◆ Input
lemma weak_continuous_at_Sigma_op:
  assumes l: "l > 0" and \<rho>: "\<rho> \<in> cs_prob"
  shows "weak_continuous_at \<rho> (Sigma_op l)"
  unfolding Sigma_op_def[abs_def]
proof (rule weak_continuous_at_poisson_mix[OF l \<rho>])
  show "weak_continuous_at \<rho> (\<lambda>\<sigma>. push_h (n + 1) (conv_pow \<sigma> (n + 1)))" for n
    by (intro weak_continuous_at_push_h weak_continuous_at_conv_pow \<rho>)
next
  fix \<sigma> assume "\<sigma> \<in> cs_prob"
  then obtain R where R: "R \<ge> 0" "AE y in \<sigma>. \<bar>y\<bar> \<le> R" by (rule cs_prob_AE_bounded_nonneg)
  have "AE y in conv_pow \<sigma> (n + 1). \<bar>y\<bar> \<le> R + real n * R" for n
    using AE_conv_pow_bound[OF \<open>\<sigma> \<in> cs_prob\<close> R(2), of "n + 1"] by (simp add: algebra_simps)
  then show "\<exists>R. \<forall>n. AE y in push_h (n + 1) (conv_pow \<sigma> (n + 1)). \<bar>y\<bar> \<le> R"
    using R(1) conv_pow_in_cs_prob[OF \<open>\<sigma> \<in> cs_prob\<close>]
    by (intro exI[of _ "R + R"] allI AE_push_h_Suc_bound) (auto simp: cs_prob_iff_AE_bounded)
qed

theorem theorem3:
  fixes l x :: real
  assumes "l > 0"
  shows "continuous_map vague_top vague_top (Sigma_x l x) \<and>
         continuous_map vague_top vague_top (Sigma_op l)"
  using continuous_map_vague_top_if_weak_continuous weak_continuous_at_Sigma_x[OF assms]
    weak_continuous_at_Sigma_op[OF assms] by blast

end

◆ Aim of the exercise
Your answer must consist solely of the lines from the top of the entries above through the line containing "fixes l x :: real", copied exactly, both ends included.

◆ Task answer
lemma weak_continuous_at_Sigma_op:
  assumes l: "l > 0" and \<rho>: "\<rho> \<in> cs_prob"
  shows "weak_continuous_at \<rho> (Sigma_op l)"
  unfolding Sigma_op_def[abs_def]
proof (rule weak_continuous_at_poisson_mix[OF l \<rho>])
  show "weak_continuous_at \<rho> (\<lambda>\<sigma>. push_h (n + 1) (conv_pow \<sigma> (n + 1)))" for n
    by (intro weak_continuous_at_push_h weak_continuous_at_conv_pow \<rho>)
next
  fix \<sigma> assume "\<sigma> \<in> cs_prob"
  then obtain R where R: "R \<ge> 0" "AE y in \<sigma>. \<bar>y\<bar> \<le> R" by (rule cs_prob_AE_bounded_nonneg)
  have "AE y in conv_pow \<sigma> (n + 1). \<bar>y\<bar> \<le> R + real n * R" for n
    using AE_conv_pow_bound[OF \<open>\<sigma> \<in> cs_prob\<close> R(2), of "n + 1"] by (simp add: algebra_simps)
  then show "\<exists>R. \<forall>n. AE y in push_h (n + 1) (conv_pow \<sigma> (n + 1)). \<bar>y\<bar> \<le> R"
    using R(1) conv_pow_in_cs_prob[OF \<open>\<sigma> \<in> cs_prob\<close>]
    by (intro exI[of _ "R + R"] allI AE_push_h_Suc_bound) (auto simp: cs_prob_iff_AE_bounded)
qed

theorem theorem3:
  fixes l x :: real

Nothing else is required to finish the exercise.